Ехать пришлось недалеко — следственный изолятор на Шпалерной располагался почти напротив Малого Зимнего дворца на другом берегу Невы. Автомобиль скатился с Литейного моста, повернул налево и въехал в подворотню, которую перегораживали стальные ворота. Ворота с лязгом закрылись, отрезая нас от ночной Столицы.
— Прошу за мной, ваше сиятельство, — сказал поручик.
В тюремной канцелярии меня ожидал сам начальник тюрьмы — видно, аристократы попадали в изолятор нечасто. Начальник беспокойно хмурился, очевидно, прикидывая — как вести себя с необычным арестантом.
В канцелярии возникло непредвиденное затруднение — мне предложили переодеться в полосатую арестантскую одежду. К счастью, мой титул и спокойный тон произвели впечатление на начальника тюрьмы. Я вежливо попросил разрешения остаться в своей одежде и сам предложил тщательно меня обыскать.
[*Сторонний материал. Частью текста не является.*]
(* Let $\mathbf{L}$ be an intermediate propositional logic with $\vdash_{\mathbf{L}}\lnot A\lor\lnot\lnot A$ (for all $A$). Then the first $\varepsilon\tau$-theorem holds for negated formulas in $\varepsilon\tau(\mathbf{L})$: whenever $\vdash_{\varepsilon\tau(\mathbf{L})}\lnot A(e_1,\dots,e_n)$ for $\varepsilon$- or $\tau$-terms $e_1,\dots,e_n$, there are $\varepsilon\tau$-free terms $t_i^j$ such that $\vdash_{\mathbf{L}}\lnot A(t_1^1,\dots,t_n^1)\lor\dots\lor\lnot A(t_1^k,\dots,t_n^k)$. In particular this holds for $\varepsilon\tau(\mathbf{KC})$ and $\varepsilon\tau(\mathbf{LC})$.
   Context: Intermediate propositional logic: contains intuitionistic, contained in classical propositional logic, closed under modus ponens and substitution. $\mathbf{KC}$ is intuitionistic logic plus $\lnot A\lor\lnot\lnot A$; $\mathbf{LC}$ is intuitionistic logic plus $(A\to B)\lor(B\to A)$. $\varepsilon\tau$-terms: $\varepsilon x\,A(x)$, $\tau x\,A(x)$. Critical formulas: $A(t)\to A(\varepsilon x\,A(x))$ and $A(\tau x\,A(x))\to A(t)$. $\vdash_{\varepsilon\tau(\mathbf{L})}B$: derivable in the quantifier-free first-order language with $\varepsilon\tau$-terms from critical formulas using substitution instances of theorems of $\mathbf{L}$ and modus ponens; $\vdash_{\mathbf{L}}$: the same without critical formulas. A term is $\varepsilon\tau$-free if it contains no $\varepsilon\tau$-terms. *)

theory Defs
  imports Main
begin

datatype pform = PVar nat | PBot | PAnd pform pform | POr pform pform | PImp pform pform

definition PNeg :: "pform \<Rightarrow> pform" where "PNeg A = PImp A PBot"

fun peval :: "(nat \<Rightarrow> bool) \<Rightarrow> pform \<Rightarrow> bool" where
  "peval v (PVar i) = v i"
| "peval v PBot = False"
| "peval v (PAnd A B) = (peval v A \<and> peval v B)"
| "peval v (POr A B) = (peval v A \<or> peval v B)"
| "peval v (PImp A B) = (peval v A \<longrightarrow> peval v B)"

definition CPC :: "pform set" where "CPC = {A. \<forall>v. peval v A}"

fun psubst :: "(nat \<Rightarrow> pform) \<Rightarrow> pform \<Rightarrow> pform" where
  "psubst s (PVar i) = s i"
| "psubst s PBot = PBot"
| "psubst s (PAnd A B) = PAnd (psubst s A) (psubst s B)"
| "psubst s (POr A B) = POr (psubst s A) (psubst s B)"
| "psubst s (PImp A B) = PImp (psubst s A) (psubst s B)"

inductive_set ipc_axioms :: "pform set" where
  "PImp A (PImp B A) \<in> ipc_axioms"
| "PImp (PImp A (PImp B C)) (PImp (PImp A B) (PImp A C)) \<in> ipc_axioms"
| "PImp (PAnd A B) A \<in> ipc_axioms"
| "PImp (PAnd A B) B \<in> ipc_axioms"
| "PImp A (PImp B (PAnd A B)) \<in> ipc_axioms"
| "PImp A (POr A B) \<in> ipc_axioms"
| "PImp B (POr A B) \<in> ipc_axioms"
| "PImp (PImp A C) (PImp (PImp B C) (PImp (POr A B) C)) \<in> ipc_axioms"
| "PImp PBot A \<in> ipc_axioms"

inductive_set hilbert :: "pform set \<Rightarrow> pform set" for Ax :: "pform set" where
  ax: "A \<in> ipc_axioms \<Longrightarrow> A \<in> hilbert Ax"
| extra: "A \<in> Ax \<Longrightarrow> A \<in> hilbert Ax"
| mp: "PImp A B \<in> hilbert Ax \<Longrightarrow> A \<in> hilbert Ax \<Longrightarrow> B \<in> hilbert Ax"

definition IPC :: "pform set" where "IPC = hilbert {}"

definition KC :: "pform set" where
  "KC = hilbert {POr (PNeg A) (PNeg (PNeg A)) | A. True}"

definition LC :: "pform set" where
  "LC = hilbert {POr (PImp A B) (PImp B A) | A B. True}"

definition intermediate_logic :: "pform set \<Rightarrow> bool" where
  "intermediate_logic L \<longleftrightarrow>
     IPC \<subseteq> L \<and> L \<subseteq> CPC \<and>
     (\<forall>A B. PImp A B \<in> L \<longrightarrow> A \<in> L \<longrightarrow> B \<in> L) \<and>
     (\<forall>s A. A \<in> L \<longrightarrow> psubst s A \<in> L)"

text \<open>De Bruijn representation: variables are indices; Eps A and Tau A bind index 0 in A.\<close>
datatype trm = Var nat | Fn nat "trm list" | Eps fm | Tau fm
and fm = FBot | Atom nat "trm list" | FAnd fm fm | FOr fm fm | FImp fm fm

definition FNeg :: "fm \<Rightarrow> fm" where "FNeg A = FImp A FBot"

definition up_ren :: "(nat \<Rightarrow> nat) \<Rightarrow> nat \<Rightarrow> nat" where
  "up_ren r i = (case i of 0 \<Rightarrow> 0 | Suc j \<Rightarrow> Suc (r j))"

fun trename :: "(nat \<Rightarrow> nat) \<Rightarrow> trm \<Rightarrow> trm"
and frename :: "(nat \<Rightarrow> nat) \<Rightarrow> fm \<Rightarrow> fm" where
  "trename r (Var i) = Var (r i)"
| "trename r (Fn f ts) = Fn f (map (trename r) ts)"
| "trename r (Eps A) = Eps (frename (up_ren r) A)"
| "trename r (Tau A) = Tau (frename (up_ren r) A)"
| "frename r FBot = FBot"
| "frename r (Atom p ts) = Atom p (map (trename r) ts)"
| "frename r (FAnd A B) = FAnd (frename r A) (frename r B)"
| "frename r (FOr A B) = FOr (frename r A) (frename r B)"
| "frename r (FImp A B) = FImp (frename r A) (frename r B)"

definition up_sub :: "(nat \<Rightarrow> trm) \<Rightarrow> nat \<Rightarrow> trm" where
  "up_sub s i = (case i of 0 \<Rightarrow> Var 0 | Suc j \<Rightarrow> trename Suc (s j))"

fun tsubst :: "(nat \<Rightarrow> trm) \<Rightarrow> trm \<Rightarrow> trm"
and fsubst :: "(nat \<Rightarrow> trm) \<Rightarrow> fm \<Rightarrow> fm" where
  "tsubst s (Var i) = s i"
| "tsubst s (Fn f ts) = Fn f (map (tsubst s) ts)"
| "tsubst s (Eps A) = Eps (fsubst (up_sub s) A)"
| "tsubst s (Tau A) = Tau (fsubst (up_sub s) A)"
| "fsubst s FBot = FBot"
| "fsubst s (Atom p ts) = Atom p (map (tsubst s) ts)"
| "fsubst s (FAnd A B) = FAnd (fsubst s A) (fsubst s B)"
| "fsubst s (FOr A B) = FOr (fsubst s A) (fsubst s B)"
| "fsubst s (FImp A B) = FImp (fsubst s A) (fsubst s B)"

text \<open>A(t): instantiate the bound variable (index 0) of the body A by t.\<close>
definition inst :: "fm \<Rightarrow> trm \<Rightarrow> fm" where
  "inst A t = fsubst (\<lambda>i. case i of 0 \<Rightarrow> t | Suc j \<Rightarrow> Var j) A"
— Прошу прощения, ваше сиятельство — служба! — сказал начальник и сам ощупал мои карманы.
— Понимаю, — улыбнулся я. — И сочувствую от всей души. Я постараюсь не доставлять вам лишних хлопот.
Я многозначительно покосился на начальника. Жан Гаврилович должен был предупредить его о нашем замысле — обойтись без этого, к сожалению, не получалось.
Начальник даже бровью не повел.
— Гусев! — прикрикнул он на охранника. — Отведи его сиятельство в седьмую камеру и выдай постельное.
— Слушаюсь, ваше высокоблагородие! — отозвался Гусев и разгладил длинные рыжие усы.
Шагая длинным тюремным коридором, я с любопытством оглядывался — когда еще доведется попасть в настоящую тюрьму! Кирпичные стены были выкрашены серой масляной краской. По потолком тускло горели лампы, а справа тянулись одинаковые металлические двери с маленькими оконцами. Оконца были плотно закрыты задвижками.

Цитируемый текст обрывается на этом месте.